If the benefit of teaching mathematics to Liberal Arts and Business students is to foster critical thinking, then “why don’t we just teach people fundamental math – which they obviously don’t know very well in large part – and return to the roots of mathematics, which is in logical and critical thinking”? It is dangerous to have a republic in which citizens cannot differentiate fact from fiction. “Mathematics instruction at university is supposed to do this, and it doesn’t. People need to know what a sound argument is, what a valid and sound deduction is, and how to interpret statistical arguments responsibly. Classical mathematics in the Quadrivium tradition was always about reason over computation. This paradigm had many flaws but was fundamentally beneficial to the few aristocratic students who had the means to learn from it. It can be adapted to help today’s students in greater numbers by governments and private schools, who should respond seriously to students who “rightly believe…that much of what pervades so-called freshman mathematics is useless. Why teach someone Trigonometry when they can’t add? Why teach them to add when they can’t think? Government administrators are so steeped in a culture of credit hours, PISA scores, and accreditation standards that they have made a mockery of this beautiful subject and robbed people of the pleasure of learning the real thing”.

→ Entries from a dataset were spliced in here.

(* Let $0<\Delta<1$, let $\mathcal{X}_\Delta=\{X\in\mathcal{X}:\mu_X(\{x\})<\Delta\text{ for all }x\in X\}$, and define $r_\Delta\colon\mathcal{X}_\Delta\to\mathbb{R}_+$ by $r_\Delta(X)=\int_0^{(\Delta+1)/2}\mathrm{diam}(X;s)\,ds$. Then $r_\Delta$ is continuous on $\mathcal{X}_\Delta$ with respect to the box topology.
   Context: mm-spaces are triples $(X,d_X,\mu_X)$ with $(X,d_X)$ complete separable metric and $\mu_X$ a Borel probability measure, with $X=\operatorname{supp}\mu_X$. $\mathcal{X}$ is the set of their isomorphism classes under measure-preserving isometries of supports. Box distance: $\square(X,Y)$ is the infimum of $\varepsilon\ge0$ such that there exist Borel maps $\varphi,\psi$ from $[0,1)$ pushing Lebesgue measure to $\mu_X,\mu_Y$ and a Borel $I_0$ of measure $\ge1-\varepsilon$ with $|d_X(\varphi(s),\varphi(t))-d_Y(\psi(s),\psi(t))|\le\varepsilon$ on $I_0$. It induces the box topology. Partial diameter: $\mathrm{diam}(X;\alpha)=\inf\{\mathrm{diam}A: A\subset X\text{ Borel},\ \mu_X(A)\ge\alpha\}$. For $X\in\mathcal{X}_\Delta$ one has $0<r_\Delta(X)<\infty$. *)

theory Defs
  imports "HOL-Probability.Probability"
begin

definition borel_of :: "'a topology \<Rightarrow> 'a measure" where
  "borel_of T = sigma (topspace T) {U. openin T U}"

text \<open>An mm-space is represented by a pair (d, mu): the underlying set is space mu,
  d is the metric and mu the Borel probability measure.\<close>
type_synonym 'a mmspace = "('a \<Rightarrow> 'a \<Rightarrow> real) \<times> 'a measure"
lemma gaussian_iso_eq_distr_coords:
  assumes "s > 0"
  shows "(gaussian_iso s :: 'a::euclidean_space measure) = distr (gaussian_coords s) borel vector_of_coords"
proof -
  let ?p = "\<lambda>x::'a. ennreal ((2 * pi * s\<^sup>2) powr (- real DIM('a) / 2) * exp (- (norm x)\<^sup>2 / (2 * s\<^sup>2)))"
  have "(gaussian_iso s :: 'a measure) = density (distr (PiM (Basis::'a set) (\<lambda>_. lborel)) borel vector_of_coords) ?p"
    unfolding gaussian_iso_def vector_of_coords_def by (subst lborel_eq[where 'a='a]) (rule refl)
  also have "\<dots> = distr (density (PiM (Basis::'a set) (\<lambda>_. lborel)) (\<lambda>f. ?p (vector_of_coords f))) borel vector_of_coords"
    by (intro density_distr measurable_vector_of_coords) measurable
  also have "density (PiM (Basis::'a set) (\<lambda>_. lborel)) (\<lambda>f. ?p (vector_of_coords f)) = gaussian_coords s"
    using assms
    by (simp only: gaussian_iso_density_eq_prod gaussian_coords_eq_density)
       (simp add: prod_ennreal normal_density_nonneg)
  finally show ?thesis .
qed

lemma prob_space_gaussian_iso: "s > 0 \<Longrightarrow> prob_space (gaussian_iso s :: 'a::euclidean_space measure)"
  by (simp add: gaussian_iso_eq_distr_coords prob_space.prob_space_distr prob_space_gaussian_coords
      measurable_gaussian_coordsI measurable_vector_of_coords)

lemma distr_gaussian_coords_component:
  assumes "s > 0" "b \<in> Basis" "sets M = sets borel"
  shows "distr (gaussian_coords s :: ('a::euclidean_space \<Rightarrow> real) measure) M (\<lambda>f. f b) = centered_normal s"
proof -
  have "distr (gaussian_coords s :: ('a \<Rightarrow> real) measure) M (\<lambda>f. f b)
      = distr (gaussian_coords s) (centered_normal s) (\<lambda>f. f b)"
    using assms(3) by (intro distr_cong) auto
  also have "\<dots> = centered_normal s"
    unfolding gaussian_coords_def using assms by (intro distr_PiM_component prob_space_centered_normal)
  finally show ?thesis .
qed

lemma indep_vars_gaussian_coords:
  assumes "s > 0"
  shows "prob_space.indep_vars (gaussian_coords s :: ('a::euclidean_space \<Rightarrow> real) measure)
           (\<lambda>_. borel) (\<lambda>b f. f b) Basis"
proof -
  interpret P: prob_space "gaussian_coords s :: ('a \<Rightarrow> real) measure"
    by (rule prob_space_gaussian_coords[OF assms])
  have component: "(\<lambda>f::'a\<Rightarrow>real. f b) \<in> borel_measurable (gaussian_coords s)" if "b \<in> Basis" for b
    using measurable_component_singleton[OF that, of "\<lambda>_. lborel"]
    by (intro measurable_gaussian_coordsI) (simp add: measurable_lborel1)
  have "distr (gaussian_coords s :: ('a \<Rightarrow> real) measure) (PiM Basis (\<lambda>_. borel)) (\<lambda>f. \<lambda>b\<in>Basis. f b)
      = distr (gaussian_coords s) (gaussian_coords s) (\<lambda>f. f)"
    by (intro distr_cong refl)
       (auto simp: sets_gaussian_coords gaussian_coords_def space_PiM PiE_iff extensional_restrict
             intro!: sets_PiM_cong)
  also have "\<dots> = PiM Basis (\<lambda>b. distr (gaussian_coords s :: ('a \<Rightarrow> real) measure) borel (\<lambda>f. f b))"
    unfolding distr_id gaussian_coords_def[of s]
    by (intro PiM_cong refl)
       (simp add: distr_gaussian_coords_component[OF assms, unfolded gaussian_coords_def])
  finally show ?thesis
    by (subst P.indep_vars_iff_distr_eq_PiM') (use component in auto)
qed

lemma distributed_gaussian_coords_inner:
  assumes s: "s > 0" and u: "u \<noteq> 0"
  shows "distributed (gaussian_coords s) lborel (\<lambda>f. vector_of_coords f \<bullet> u)
           (normal_density 0 (s * norm (u::'a::euclidean_space)))"
proof -
  interpret P: prob_space "gaussian_coords s :: ('a \<Rightarrow> real) measure"
    by (rule prob_space_gaussian_coords[OF s])
  define I where "I = {b\<in>(Basis::'a set). u \<bullet> b \<noteq> 0}"
  have I: "finite I" "I \<subseteq> Basis" by (auto simp: I_def)
  obtain b0 where "b0 \<in> Basis" "u \<bullet> b0 \<noteq> 0"
    using u by (metis euclidean_all_zero_iff)
  then have "I \<noteq> {}" by (auto simp: I_def)
  let ?X = "\<lambda>b f. (u \<bullet> b) * f b"
  have indep: "P.indep_vars (\<lambda>_. borel) ?X I"
    using P.indep_vars_compose2[OF indep_vars_gaussian_coords[OF s], of "\<lambda>b x. (u \<bullet> b) * x" "\<lambda>_. borel"]
    by (intro P.indep_vars_subset[OF _ I(2)]) auto
  have component: "distributed (gaussian_coords s) lborel (\<lambda>f. f b) (normal_density 0 s)" if "b \<in> Basis" for b :: 'a
    unfolding distributed_def
  proof (intro conjI)
    show "distr (gaussian_coords s) lborel (\<lambda>f. f b) = density lborel (normal_density 0 s)"
      using s that by (simp add: distr_gaussian_coords_component centered_normal_def)
    show "(\<lambda>f::'a\<Rightarrow>real. f b) \<in> measurable (gaussian_coords s) lborel"
      using that by (intro measurable_gaussian_coordsI measurable_component_singleton)
  qed simp
  have affine: "distributed (gaussian_coords s) lborel (?X b) (normal_density 0 (\<bar>u \<bullet> b\<bar> * s))"
    if "b \<in> I" for b :: 'a
    using P.normal_density_affine[OF component s, of b "u \<bullet> b" 0] that by (auto simp: I_def)
  have "distributed (gaussian_coords s) lborel (\<lambda>f. \<Sum>b\<in>I. ?X b f)
      (normal_density (\<Sum>b\<in>I. 0) (sqrt (\<Sum>b\<in>I. (\<bar>u \<bullet> b\<bar> * s)\<^sup>2)))"
    by (rule P.sum_indep_normal[OF I(1) \<open>I \<noteq> {}\<close> indep _ affine]) (use s in \<open>auto simp: I_def\<close>)
  moreover have "(\<Sum>b\<in>I. ?X b f) = vector_of_coords f \<bullet> u" for f
    unfolding inner_vector_of_coords I_def
    by (rule sum.mono_neutral_cong_left) (auto simp: mult.commute)
  moreover have "sqrt (\<Sum>b\<in>I. (\<bar>u \<bullet> b\<bar> * s)\<^sup>2) = s * norm u"
  proof -
    have "(\<Sum>b\<in>I. (\<bar>u \<bullet> b\<bar> * s)\<^sup>2) = s\<^sup>2 * (\<Sum>b\<in>(Basis::'a set). (u \<bullet> b) * (u \<bullet> b))"
      unfolding I_def sum_distrib_left
      by (rule sum.mono_neutral_cong_left) (auto simp: power_mult_distrib power2_eq_square)
    also have "\<dots> = (s * norm u)\<^sup>2"
      by (simp add: euclidean_inner[symmetric] power2_norm_eq_inner power_mult_distrib)
    finally show ?thesis using s by simp
  qed
  ultimately show ?thesis by simp
qed
lemma nn_integral_gaussian_iso_inner:
  assumes "s > 0" "u \<noteq> 0" "g \<in> borel_measurable borel"
  shows "(\<integral>\<^sup>+x. g (x \<bullet> u) \<partial>(gaussian_iso s :: 'a::euclidean_space measure))
       = (\<integral>\<^sup>+y. ennreal (normal_density 0 (s * norm u) y) * g y \<partial>lborel)"
proof -
  have "(\<integral>\<^sup>+x. g (x \<bullet> u) \<partial>(gaussian_iso s :: 'a measure))
      = (\<integral>\<^sup>+f. g (vector_of_coords f \<bullet> u) \<partial>gaussian_coords s)"
    using assms
    by (simp add: gaussian_iso_eq_distr_coords nn_integral_distr measurable_gaussian_coordsI
                  measurable_vector_of_coords)
  also have "\<dots> = (\<integral>\<^sup>+y. ennreal (normal_density 0 (s * norm u) y) * g y \<partial>lborel)"
    using assms by (intro distributed_nn_integral[symmetric] distributed_gaussian_coords_inner) auto
  finally show ?thesis .
qed
(* Let $a,b$ be positive integers and $c$ an integer with $-b<c<a$, let $d=\gcd(a,b,c)$, $a'=a/d$, $b'=b/d$, $c'=c/d$, $d'=\gcd(a',b')$, and let $k\in\mathbb{N}\cup\{\infty\}$ with $k\geq d'-1$. If $S$ is a basis (generating set as a $T_{\mathbb{Z}}$-ideal) for $T_{\mathbb{Z}}(E_{(-b',c',a')}^{(\infty,k,\infty)})$, then the $T_{\mathbb{Z}}$-ideal $T_{\mathbb{Z}}(E_{(-b,c,a)}^{(\infty,k,\infty)})$ is generated by $S'\cup N$, where $S'=\{\Psi_d(\Phi_d(f)) : f\in S\}$ and $N=\{x_i^m\in X: m\notin d\mathbb{Z}\}$.
   Context: $F$ is a field of characteristic zero; $E$ is the Grassmann algebra of an infinite-dimensional $F$-vector space with basis $e_1,e_2,\dots$. For pairwise distinct integers $r_1,\dots,r_n$ and $v_j\in\mathbb{N}\cup\{\infty\}$, $E_{(r_1,\dots,r_n)}^{(v_1,\dots,v_n)}$ is the $\mathbb{Z}$-grading obtained by splitting $\{e_i\}$ into $n$ disjoint sets of cardinalities $v_1,\dots,v_n$, giving elements of the $j$-th set degree $r_j$ and monomials the sum of degrees. For a group $G$, $F\langle X|G\rangle$ is the free associative algebra on variables $x_i^g$ of degree $g$; $X$ is the set of variables; $T_G(A)$ is the ideal of graded identities of a $G$-graded algebra $A$; a $T_G$-ideal is an ideal invariant under degree-preserving endomorphisms. $\Phi_d:F\langle X|\mathbb{Z}\rangle\to F\langle X|d\mathbb{Z}\rangle$ is the isomorphism $x_i^n\mapsto x_i^{dn}$, and $\Psi_d:F\langle X|d\mathbb{Z}\rangle\to F\langle X|\mathbb{Z}\rangle$ is the homomorphism $x_i^{dn}\mapsto x_i^{dn}$. *)

theory Defs
  imports Main "HOL-Library.Extended_Nat"
begin

text \<open>A variable x_i^g is encoded as the pair (i, g) :: nat \<times> int (index i, degree g).
  Elements of F<X|Z> are functions from words (monomials) to coefficients; the
  elements of the free algebra are those with finite support.\<close>

type_synonym gvar = "nat \<times> int"
type_synonym 'a fpoly = "gvar list \<Rightarrow> 'a"

definition fsupp :: "'a::zero fpoly \<Rightarrow> gvar list set" where
  "fsupp f = {w. f w \<noteq> 0}"

definition ffin :: "'a::zero fpoly \<Rightarrow> bool" where
  "ffin f \<longleftrightarrow> finite (fsupp f)"

definition fmono :: "gvar list \<Rightarrow> 'a::{zero,one} fpoly" where
  "fmono w = (\<lambda>u. if u = w then 1 else 0)"

definition fvar :: "gvar \<Rightarrow> 'a::{zero,one} fpoly" where
  "fvar x = fmono [x]"

definition fadd :: "'a::plus fpoly \<Rightarrow> 'a fpoly \<Rightarrow> 'a fpoly" where
  "fadd p q = (\<lambda>w. p w + q w)"

definition fsmult :: "'a::times \<Rightarrow> 'a fpoly \<Rightarrow> 'a fpoly" where
  "fsmult c p = (\<lambda>w. c * p w)"

definition fmult :: "'a::comm_semiring_1 fpoly \<Rightarrow> 'a fpoly \<Rightarrow> 'a fpoly" where
  "fmult p q = (\<lambda>w. \<Sum>i\<le>length w. p (take i w) * q (drop i w))"

definition fwordprod :: "(gvar \<Rightarrow> 'a::comm_semiring_1 fpoly) \<Rightarrow> gvar list \<Rightarrow> 'a fpoly" where
  "fwordprod s w = foldr (\<lambda>x acc. fmult (s x) acc) w (fmono [])"

definition fsubst :: "(gvar \<Rightarrow> 'a::comm_semiring_1 fpoly) \<Rightarrow> 'a fpoly \<Rightarrow> 'a fpoly" where
  "fsubst s f = (\<lambda>u. \<Sum>w\<in>fsupp f. f w * fwordprod s w u)"

definition fhomog :: "int \<Rightarrow> 'a::zero fpoly \<Rightarrow> bool" where
  "fhomog g p \<longleftrightarrow> (\<forall>w. p w \<noteq> 0 \<longrightarrow> sum_list (map snd w) = g)"

definition graded_endo_subst :: "(gvar \<Rightarrow> 'a::comm_semiring_1 fpoly) \<Rightarrow> bool" where
  "graded_endo_subst s \<longleftrightarrow> (\<forall>x. ffin (s x) \<and> fhomog (snd x) (s x))"

definition is_ideal :: "'a::comm_semiring_1 fpoly set \<Rightarrow> bool" where
  "is_ideal I \<longleftrightarrow> I \<subseteq> {f. ffin f} \<and> (\<lambda>_. 0) \<in> I
     \<and> (\<forall>p\<in>I. \<forall>q\<in>I. fadd p q \<in> I)
     \<and> (\<forall>p\<in>I. \<forall>c. fsmult c p \<in> I)
     \<and> (\<forall>p\<in>I. \<forall>q. ffin q \<longrightarrow> fmult q p \<in> I \<and> fmult p q \<in> I)"

definition is_TZ_ideal :: "'a::comm_semiring_1 fpoly set \<Rightarrow> bool" where
  "is_TZ_ideal I \<longleftrightarrow> is_ideal I \<and> (\<forall>s. graded_endo_subst s \<longrightarrow> (\<forall>f\<in>I. fsubst s f \<in> I))"

definition TZ_gen :: "'a::comm_semiring_1 fpoly set \<Rightarrow> 'a fpoly set" where
  "TZ_gen S = \<Inter>{I. is_TZ_ideal I \<and> S \<subseteq> I}"

text \<open>An element of E is a function assigning to each finite set A = {i1 < ... < ik}
  the coefficient of the monomial e_i1 ... e_ik; only finitely many nonzero coefficients,
  and only on finite sets.\<close>

type_synonym 'a grass = "nat set \<Rightarrow> 'a"

definition grass_elem :: "'a::zero grass \<Rightarrow> bool" where
  "grass_elem x \<longleftrightarrow> finite {A. x A \<noteq> 0} \<and> (\<forall>A. x A \<noteq> 0 \<longrightarrow> finite A)"

definition gsign :: "nat set \<Rightarrow> nat set \<Rightarrow> 'a::comm_ring_1" where
  "gsign A B = (-1) ^ card {(p, q). p \<in> A \<and> q \<in> B \<and> q < p}"

text \<open>(e_A)(e_B) = sign(A,B) e_(A \<union> B) if A, B are disjoint, and 0 otherwise.\<close>
definition gmult :: "'a::comm_ring_1 grass \<Rightarrow> 'a grass \<Rightarrow> 'a grass" where
  "gmult x y = (\<lambda>C. if finite C then (\<Sum>A\<in>Pow C. gsign A (C - A) * x A * y (C - A)) else 0)"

When asked in the interview whether colleges and universities have a choice about what math to teach, he stated that “of course there are guidelines that educational institutions must meet. States should evaluate guidelines based upon philosophical consideration of what citizens ought to be able to do in the compass of weighing and evaluating evidence. If you are going to teach someone algebra symbolically, however, at least teach it properly. Don’t just set students alone to learn formulas from a screen. It may save your institution money in the short run, but your students will despise your instruction. Teach the course correctly, with a compassionate and empathetic professor who crafts bespoke materials to benefit students individually. It is not that difficult. After all, professors at good colleges did this for many years before the turn toward cheap and automatically-graded assignments and outsourcing of academic control”.  In summary, Kenigson says, less is best when it comes to math teaching: “Teach people the rules of logic and Statistics so that they can evaluate arguments. Teach them basic arithmetic so that they can make change. Don’t teach them advanced financial formulas and set theory when they can’t add 3 and 5”. 

Dr. Jonathan Kenigson is a Fellow of the Royal Society of Arts in England and is a research mathematician and vocal proponent of classical Liberal Arts education in the USA, UK, and Canada. He was instrumental in the foundation of Athanasian Hall in  Cambridge, England in 2020. Athanasian Hall is the world’s first think-tank devoted to pure research in the so-called Quadrivium of Liberal Arts (Arithmetic, Astronomy, Geometry, and Music). Dr. Kenigson received a Master and Ph.D. with greatest distinction from the University of Sofia (Republic of Bulgaria) and has delivered numerous conferences on the Dynamics of Black Holes; Information Geometry; Algebraic and Analytic Combinatorics; and the History and Philosophy of Mathematics. Within the community of classical educators, he is considered a foremost authority on the teaching and learning of mathematics. He is an advocate of ‘Reasoned Philanthropy” – a philosophy of “giving oneself away ethically” and “making all of life a donation for the betterment of all lives”. He resides permanently in the vicinity of Nashville, TN.